TASK DETAILS: In the records that follow, find each line containing "every" and copy it.

RECORDS TO USE:

(* For all $n,k\geq 1$, the space $\overline{\mathrm{SP}}^n(\bigvee^kS^1)$ is homeomorphic to the $n$-skeleton of the torus $(S^1)^k$, where $(S^1)^k$ carries the product CW structure in which each circle factor has one $0$-cell (the identity) and one $1$-cell.
   Context: Each circle of the wedge $\bigvee^kS^1$ is identified with the circle group $S^1$, the wedge point being the identity $1$ of each. $\mathrm{SP}^nY=Y^n/\Sigma_n$ is the $n$-th symmetric product, with points $\langle x_1,\ldots,x_n\rangle$. $\overline{\mathrm{SP}}^n(\bigvee^kS^1)$ is the quotient of $\mathrm{SP}^n(\bigvee^kS^1)$ by the equivalence relation generated by $\langle x,y,z_1,\ldots,z_{n-2}\rangle\sim\langle *,xy,z_1,\ldots,z_{n-2}\rangle$ whenever $x,y$ lie in the same circle, $xy$ being their product in that circle group and $*$ the wedge point. *)

theory Defs
  imports "HOL-Analysis.Analysis" "HOL-Combinatorics.Permutations"
begin

text \<open>Quotient of a topological space X by a relation r (intended to be an equivalence
  relation on topspace X).\<close>

definition qcls :: "'a topology \<Rightarrow> ('a \<Rightarrow> 'a \<Rightarrow> bool) \<Rightarrow> 'a \<Rightarrow> 'a set" where
  "qcls X r x = {y \<in> topspace X. r x y}"

lemma istopology_quot:
  "istopology (\<lambda>U. U \<subseteq> qcls X r ` topspace X \<and> openin X {x \<in> topspace X. qcls X r x \<in> U})"
proof -
  have inter: "{x \<in> topspace X. qcls X r x \<in> S \<inter> T}
      = {x \<in> topspace X. qcls X r x \<in> S} \<inter> {x \<in> topspace X. qcls X r x \<in> T}" for S T
    by auto
  have un: "{x \<in> topspace X. qcls X r x \<in> \<Union>K} = (\<Union>U\<in>K. {x \<in> topspace X. qcls X r x \<in> U})" for K
    by auto
  show ?thesis
    unfolding istopology_def
    apply (intro conjI allI impI)
       apply blast
      apply (simp only: inter) apply (blast intro: openin_Int)
     apply blast
    apply (simp only: un) apply (blast intro: openin_Union)
    done
qed

definition quot_top :: "'a topology \<Rightarrow> ('a \<Rightarrow> 'a \<Rightarrow> bool) \<Rightarrow> 'a set topology" where
  "quot_top X r = topology (\<lambda>U. U \<subseteq> qcls X r ` topspace X \<and>
                                 openin X {x \<in> topspace X. qcls X r x \<in> U})"

definition circle :: "complex topology" where
  "circle = subtopology euclidean (sphere 0 1)"

definition wedge_rel :: "nat \<times> complex \<Rightarrow> nat \<times> complex \<Rightarrow> bool" where
  "wedge_rel p q \<longleftrightarrow> p = q \<or> (snd p = 1 \<and> snd q = 1)"

definition wedge :: "nat \<Rightarrow> (nat \<times> complex) set topology" where
  "wedge k = quot_top (prod_topology (discrete_topology {..<k}) circle) wedge_rel"

definition wpt :: "nat \<Rightarrow> nat \<Rightarrow> complex \<Rightarrow> (nat \<times> complex) set" where
  "wpt k c x = qcls (prod_topology (discrete_topology {..<k}) circle) wedge_rel (c, x)"

definition perm_rel :: "nat \<Rightarrow> (nat \<Rightarrow> 'a) \<Rightarrow> (nat \<Rightarrow> 'a) \<Rightarrow> bool" where
  "perm_rel n f g \<longleftrightarrow> (\<exists>\<pi>. \<pi> permutes {..<n} \<and> g = f \<circ> \<pi>)"

definition power_top :: "nat \<Rightarrow> 'a topology \<Rightarrow> (nat \<Rightarrow> 'a) topology" where
  "power_top n Y = product_topology (\<lambda>_. Y) {..<n}"

definition SP :: "nat \<Rightarrow> 'a topology \<Rightarrow> (nat \<Rightarrow> 'a) set topology" where
  "SP n Y = quot_top (power_top n Y) (perm_rel n)"

text \<open>The elementary relation  <x,y,z..> ~ <*,xy,z..>  for x,y in the same circle c.\<close>
definition SPbar_step :: "nat \<Rightarrow> nat \<Rightarrow>
    (nat \<Rightarrow> (nat \<times> complex) set) set \<Rightarrow> (nat \<Rightarrow> (nat \<times> complex) set) set \<Rightarrow> bool" where
  "SPbar_step n k A B \<longleftrightarrow>
     A \<in> topspace (SP n (wedge k)) \<and>
     (\<exists>f \<in> A. \<exists>i j c x y. i < n \<and> j < n \<and> i \<noteq> j \<and> c < k \<and>
        x \<in> sphere 0 1 \<and> y \<in> sphere 0 1 \<and>
        f i = wpt k c x \<and> f j = wpt k c y \<and>
        B = qcls (power_top n (wedge k)) (perm_rel n) (f(i := wpt k c 1, j := wpt k c (x * y))))"

definition SPbar :: "nat \<Rightarrow> nat \<Rightarrow> (nat \<Rightarrow> (nat \<times> complex) set) set set topology" where
  "SPbar n k = quot_top (SP n (wedge k)) (equivclp (SPbar_step n k))"

definition torus :: "nat \<Rightarrow> (nat \<Rightarrow> complex) topology" where
  "torus k = product_topology (\<lambda>_. circle) {..<k}"

text \<open>In the product CW structure, the cells of (S^1)^k are products of the 0-cell {1}
  or the open 1-cell (S^1 - {1}) in each factor; a cell has dimension equal to the number
  of 1-cell factors. Hence the n-skeleton consists of the points with at most n
  coordinates different from 1.\<close>
definition torus_skeleton :: "nat \<Rightarrow> nat \<Rightarrow> (nat \<Rightarrow> complex) topology" where
  "torus_skeleton n k = subtopology (torus k) {x. card {i \<in> {..<k}. x i \<noteq> 1} \<le> n}"

end

theory Submission
  imports Defs
begin

(* Multiplying, circle by circle, the coordinates of the n points of a configuration in the wedge
   gives a continuous map from the n-th power of the wedge to the torus (S^1)^k.  It is invariant
   under permutations and under <x,y,...> ~ <*,xy,...>, so it descends to SPbar^n; as every point
   of the wedge moves at most one coordinate, its image is exactly the n-skeleton.  It is injective
   because the relation moves every configuration to a reduced one, with at most one point off the
   base point on each circle, and a reduced configuration is determined up to order by its product.
   A continuous bijection from a compact space onto a Hausdorff space is a homeomorphism. *)

section \<open>Quotient topology\<close>

lemma openin_quot_top:
  "openin (quot_top X r) U \<longleftrightarrow>
     U \<subseteq> qcls X r ` topspace X \<and> openin X {x \<in> topspace X. qcls X r x \<in> U}"
  unfolding quot_top_def by (simp add: topology_inverse'[OF istopology_quot])

lemma topspace_quot_top: "topspace (quot_top X r) = qcls X r ` topspace X"
proof (rule antisym)
  have "{x \<in> topspace X. qcls X r x \<in> qcls X r ` topspace X} = topspace X"
    by blast
  then have "openin (quot_top X r) (qcls X r ` topspace X)"
    by (simp add: openin_quot_top)
  then show "qcls X r ` topspace X \<subseteq> topspace (quot_top X r)"
    by (rule openin_subset)
  show "topspace (quot_top X r) \<subseteq> qcls X r ` topspace X"
    using openin_quot_top openin_topspace by blast
qed

lemma mem_qcls: "y \<in> qcls X r x \<longleftrightarrow> y \<in> topspace X \<and> r x y"
  by (simp add: qcls_def)

lemma qcls_eqI: "equivp r \<Longrightarrow> r x y \<Longrightarrow> qcls X r x = qcls X r y"
  unfolding qcls_def by (metis equivp_def)

lemma qcls_eq_iff:
  assumes "equivp r" "y \<in> topspace X"
  shows "qcls X r x = qcls X r y \<longleftrightarrow> r x y"
proof
  assume "qcls X r x = qcls X r y"
  moreover have "y \<in> qcls X r y"
    using assms by (simp add: mem_qcls equivp_reflp)
  ultimately show "r x y"
    by (metis mem_qcls)
qed (rule qcls_eqI[OF assms(1)])

lemma qcls_of_mem:
  assumes "equivp r" "C \<in> topspace (quot_top X r)" "x \<in> C"
  shows "C = qcls X r x"
proof -
  obtain y where "C = qcls X r y"
    using assms(2) by (auto simp: topspace_quot_top)
  with assms show ?thesis
    by (simp add: mem_qcls qcls_eqI)
qed

lemma continuous_map_qcls: "continuous_map X (quot_top X r) (qcls X r)"
  unfolding continuous_map_def topspace_quot_top openin_quot_top
  by (auto intro: openin_subopen)

lemma compact_space_quot_top: "compact_space X \<Longrightarrow> compact_space (quot_top X r)"
  unfolding compact_space_def
  using image_compactin[OF _ continuous_map_qcls, of X "topspace X" r] by (simp add: topspace_quot_top)

definition quot_lift :: "('a \<Rightarrow> 'b) \<Rightarrow> 'a set \<Rightarrow> 'b" where
  "quot_lift h C = h (SOME x. x \<in> C)"

lemma quot_lift_qcls:
  assumes "equivp r" "x \<in> topspace X"
    and "\<And>y. y \<in> topspace X \<Longrightarrow> r x y \<Longrightarrow> h y = h x"
  shows "quot_lift h (qcls X r x) = h x"
proof -
  have "x \<in> qcls X r x"
    using assms(1,2) by (simp add: mem_qcls equivp_reflp)
  then have "(SOME y. y \<in> qcls X r x) \<in> qcls X r x"
    by (rule someI)
  then show ?thesis
    using assms(3) by (simp add: quot_lift_def mem_qcls)
qed

lemma continuous_map_quot_lift:
  assumes h: "continuous_map X Y h" and "equivp r"
    and resp: "\<And>x y. x \<in> topspace X \<Longrightarrow> y \<in> topspace X \<Longrightarrow> r x y \<Longrightarrow> h y = h x"
  shows "continuous_map (quot_top X r) Y (quot_lift h)"
proof -
  have lift: "quot_lift h (qcls X r x) = h x" if "x \<in> topspace X" for x
    using quot_lift_qcls[OF \<open>equivp r\<close> that] resp that by blast
  have "{x \<in> topspace X. qcls X r x \<in> {C \<in> qcls X r ` topspace X. quot_lift h C \<in> U}}
          = {x \<in> topspace X. h x \<in> U}" for U
    using lift by auto
  then show ?thesis
    using h lift unfolding continuous_map_def topspace_quot_top openin_quot_top by auto
qed

section \<open>The wedge of circles and its coordinates\<close>

abbreviation circles :: "nat \<Rightarrow> (nat \<times> complex) topology" where
  "circles k \<equiv> prod_topology (discrete_topology {..<k}) circle"

lemma topspace_circle [simp]: "topspace circle = sphere 0 1"
  by (simp add: circle_def)

lemma equivp_wedge_rel: "equivp wedge_rel"
  by (intro equivpI reflpI sympI transpI) (auto simp: wedge_rel_def)

lemma topspace_wedge: "topspace (wedge k) = {wpt k c z | c z. c < k \<and> z \<in> sphere 0 1}"
  unfolding wedge_def topspace_quot_top wpt_def topspace_prod_topology topspace_discrete_topology
    topspace_circle by blast

lemma wpt_in_wedge: "c < k \<Longrightarrow> z \<in> sphere 0 1 \<Longrightarrow> wpt k c z \<in> topspace (wedge k)"
  unfolding topspace_wedge by blast

lemma wpt_eq_iff:
  assumes "c < k" "c' < k" "z \<in> sphere 0 1" "z' \<in> sphere 0 1"
  shows "wpt k c z = wpt k c' z' \<longleftrightarrow> c = c' \<and> z = z' \<or> z = 1 \<and> z' = 1"
  using assms unfolding wpt_def by (simp add: qcls_eq_iff equivp_wedge_rel wedge_rel_def)

definition circles_coord :: "nat \<Rightarrow> nat \<times> complex \<Rightarrow> complex" where
  "circles_coord c p = (if fst p = c then snd p else 1)"

definition wedge_coord :: "nat \<Rightarrow> (nat \<times> complex) set \<Rightarrow> complex" where
  "wedge_coord c = quot_lift (circles_coord c)"

lemma wedge_coord_wpt:
  assumes "c' < k" "z \<in> sphere 0 1"
  shows "wedge_coord c (wpt k c' z) = (if c' = c then z else 1)"
  unfolding wedge_coord_def wpt_def
  using assms by (subst quot_lift_qcls) (auto simp: equivp_wedge_rel wedge_rel_def circles_coord_def)

lemma continuous_map_circles_coord: "continuous_map (circles k) euclidean (circles_coord c)"
  unfolding continuous_map_def
proof (intro conjI allI impI)
  fix V :: "complex set"
  assume "openin euclidean V"
  then have open_arc: "openin circle (sphere 0 1 \<inter> V)"
    by (auto simp: circle_def openin_subtopology)
  have open_circle: "openin circle (sphere 0 1)"
    by (metis openin_topspace topspace_circle)
  have "{p \<in> topspace (circles k). circles_coord c p \<in> V} =
      ({c} \<inter> {..<k}) \<times> (sphere 0 1 \<inter> V) \<union> (if 1 \<in> V then ({..<k} - {c}) \<times> sphere 0 1 else {})"
    by (auto simp: circles_coord_def)
  then show "openin (circles k) {p \<in> topspace (circles k). circles_coord c p \<in> V}"
    by (simp only:) (intro openin_Un; auto simp: openin_prod_Times_iff open_arc open_circle)
qed simp

lemma continuous_map_wedge_coord: "continuous_map (wedge k) euclidean (wedge_coord c)"
  unfolding wedge_def wedge_coord_def
  by (rule continuous_map_quot_lift[OF continuous_map_circles_coord equivp_wedge_rel])
     (auto simp: wedge_rel_def circles_coord_def)

lemma wedge_coord_in_sphere: "w \<in> topspace (wedge k) \<Longrightarrow> wedge_coord c w \<in> sphere 0 1"
  unfolding topspace_wedge by (auto simp: wedge_coord_wpt)

lemma wedge_pointE:
  assumes "w \<in> topspace (wedge k)"
  obtains c z where "c < k" "z \<in> sphere 0 1" "w = wpt k c z"
  using assms unfolding topspace_wedge by blast

lemma wedge_coord_eq_iff:
  assumes "w \<in> topspace (wedge k)" "c < k" "z \<in> sphere 0 1" "z \<noteq> 1"
  shows "wedge_coord c w = z \<longleftrightarrow> w = wpt k c z"
proof -
  obtain c' z' where w: "c' < k" "z' \<in> sphere 0 1" "w = wpt k c' z'"
    using assms(1) by (rule wedge_pointE)
  have "wpt k c' z' = wpt k c z \<longleftrightarrow> c' = c \<and> z' = z \<or> z' = 1 \<and> z = 1"
    using w assms by (simp only: wpt_eq_iff)
  then show ?thesis
    using w assms by (simp add: wedge_coord_wpt)
qed

lemma wedge_coord_neq_1E:
  assumes "w \<in> topspace (wedge k)" "wedge_coord c w \<noteq> 1"
  obtains "c < k" "w = wpt k c (wedge_coord c w)"
proof -
  obtain c' z where w: "c' < k" "z \<in> sphere 0 1" "w = wpt k c' z"
    using assms(1) by (rule wedge_pointE)
  then have "c' = c"
    using assms(2) by (simp add: wedge_coord_wpt split: if_splits)
  with w show thesis
    by (intro that) (simp_all add: wedge_coord_wpt)
qed

lemma wedge_coord_neq_1_unique:
  assumes "w \<in> topspace (wedge k)" "wedge_coord c w \<noteq> 1" "wedge_coord c' w \<noteq> 1"
  shows "c = c'"
proof -
  obtain "c < k" "w = wpt k c (wedge_coord c w)"
    using assms(1,2) by (rule wedge_coord_neq_1E)
  with assms(1,3) show ?thesis
    by (metis wedge_coord_in_sphere wedge_coord_wpt)
qed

RESPONSE TO THE TASK:
   under permutations and under <x,y,...> ~ <*,xy,...>, so it descends to SPbar^n; as every point
   because the relation moves every configuration to a reduced one, with at most one point off the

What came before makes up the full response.